Panel flags red‑flag blind spots in concentrated junior mining trades
A Vancouver advisor has been handed a three‑month suspension and more than $120,000 in financial sanctions after regulators found he failed his gatekeeper duties over concentrated, suspect trading in a junior mining stock.
A Canadian Investment Regulatory Organization (CIRO) hearing panel ruled that between July 2019 and March 2020, while he was a Registered Representative at the Vancouver branch of PI Financial Corp., now Ventum Financial Corp., Randy Bryan Hildebrandt did not make “sufficient and reasonable or diligent inquiries” into client trading.
The trading involved common shares of an exploration‑stage issuer listed on the Canadian Stock Exchange.
The panel said his conduct was “grossly negligent” and showed “reckless indifference” to his gatekeeper obligations under IDPC Rule 1400.
CIRO found that a small group of related client accounts associated with one individual, MV, and his circle came to dominate trading in the issuer’s stock.
Those accounts controlled more than 13 percent of the issuer’s outstanding shares through Direct Registration System deposits and, over several months, accounted for the majority of trading volume and value.
Trading patterns included small buys followed by much larger sells at similar prices, cross trades between accounts entered within seconds of each other, and frequent use of early settlement to immediately withdraw proceeds.
The panel highlighted a turning point in September 2019, when a referred client emailed Hildebrandt to say, “Hi I want to make sure that [MV] does not use my account for any stock deals. If you can close my account, it would be greatly appreciated,” and added in another message, “[MV] wanted me to be a nominee on a stock he is promoting.”
The panel described the use of nominees as a classic feature of manipulative trading and said that, in the context of the concentrated holdings and market dominance already evident, those emails should have been a “ringing alarm bell” that triggered probing questions or escalation to compliance.

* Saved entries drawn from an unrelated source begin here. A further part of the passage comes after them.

lemma arr_comp[simp]: "arr f \<Longrightarrow> arr g \<Longrightarrow> src g = tgt f \<Longrightarrow> arr (g \<cdot> f)"
  and src_comp[simp]: "arr f \<Longrightarrow> arr g \<Longrightarrow> src g = tgt f \<Longrightarrow> src (g \<cdot> f) = src f"
  and tgt_comp[simp]: "arr f \<Longrightarrow> arr g \<Longrightarrow> src g = tgt f \<Longrightarrow> tgt (g \<cdot> f) = tgt g"
  using comp_hom[of f "src f" "tgt f" g "tgt g"] by (auto simp: hom_iff)

lemma arr_tensor[simp]: "arr f \<Longrightarrow> arr g \<Longrightarrow> arr (f \<otimes> g)"
  and src_tensor[simp]: "arr f \<Longrightarrow> arr g \<Longrightarrow> src (f \<otimes> g) = src f \<odot> src g"
  and tgt_tensor[simp]: "arr f \<Longrightarrow> arr g \<Longrightarrow> tgt (f \<otimes> g) = tgt f \<odot> tgt g"
  using ten_hom[of f "src f" "tgt f" g "src g" "tgt g"] by (auto simp: hom_iff)

lemma iso_arr_inv:
  assumes "iso_arr C f A B"
  shows "inv_arr C f \<in> hom C B A" "inv_arr C f \<cdot> f = idm A" "f \<cdot> inv_arr C f = idm B"
proof -
  have f: "f \<in> hom C A B" using assms unfolding iso_arr_def by blast
  obtain g where g: "g \<in> hom C B A" "g \<cdot> f = idm A" "f \<cdot> g = idm B"
    using assms unfolding iso_arr_def by blast
  have f_ends: "src f = A" "tgt f = B" using f unfolding hom_iff by blast+
  have inverse_unique: "h = g" if h: "h \<in> hom C B A" "h \<cdot> f = idm A" "f \<cdot> h = idm B" for h
  proof -
    have "h = h \<cdot> idm B" using comp_id_right[OF h(1)] by simp
    also have "\<dots> = h \<cdot> (f \<cdot> g)" using g(3) by simp
    also have "\<dots> = (h \<cdot> f) \<cdot> g" using comp_assoc[OF g(1) f h(1)] by simp
    also have "\<dots> = g" using h(2) comp_id_left[OF g(1)] by simp
    finally show "h = g" .
  qed
  have "inv_arr C f = g"
    unfolding inv_arr_def f_ends
  proof (rule the_equality)
    show "g \<in> hom C B A \<and> g \<cdot> f = idm A \<and> f \<cdot> g = idm B" using g by blast
    show "\<And>h. h \<in> hom C B A \<and> h \<cdot> f = idm A \<and> f \<cdot> h = idm B \<Longrightarrow> h = g"
      using inverse_unique by blast
  qed
  then show "inv_arr C f \<in> hom C B A" "inv_arr C f \<cdot> f = idm A" "f \<cdot> inv_arr C f = idm B"
    using g by simp_all
qed

lemma arr_assoc[simp]: "arr (\<alpha> X Y Z)" "src (\<alpha> X Y Z) = (X \<odot> Y) \<odot> Z" "tgt (\<alpha> X Y Z) = X \<odot> (Y \<odot> Z)"
  using assoc_iso[of X Y Z] by (auto simp: iso_arr_def hom_iff)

The panel stopped short of finding proven market manipulation or a confirmed “nefarious purpose” behind the trading.
It said the activity was consistent with market abuse and posed a serious risk to market integrity, but suspicion alone did not amount to proof.
Even so, the panel found no evidence that Hildebrandt made the kind of targeted inquiries a diligent advisor should have made into the source of the shares, the relationships among the account holders, their economic rationale for trading, and the extreme concentration and dominance in the stock.
After an August 5 sanctions hearing, CIRO ordered that Hildebrandt be prohibited from approval in any capacity in the securities industry for three months, effective within 30 days of the November 12 sanctions decision.
On readmission, he will work under strict supervision for 12 months and must successfully complete the Code and Practices Handbook examination, or an equivalent CIRO may introduce, by December 31, 2026.
The panel also imposed a $60,000 fine, ordered disgorgement of $12,372.55 in commissions from the impugned trading, and awarded $50,000 in costs.
Enforcement staff had pushed for a one‑year suspension, while the defence argued that anything beyond 30 days would likely end his career by undermining his client base.
The panel rejected both positions as disproportionate.
It found that a one‑year suspension would be excessive in the absence of proven market abuse or quantifiable investor harm.
However, it also dismissed the claim that a three‑month suspension would necessarily be career‑ending, noting the lack of concrete financial evidence and relying on its own expertise about the impact of suspensions on experienced advisors.
The decisions note that the violations occurred while Hildebrandt was registered with PI’s Vancouver office and that he continues to be employed there in a registered capacity.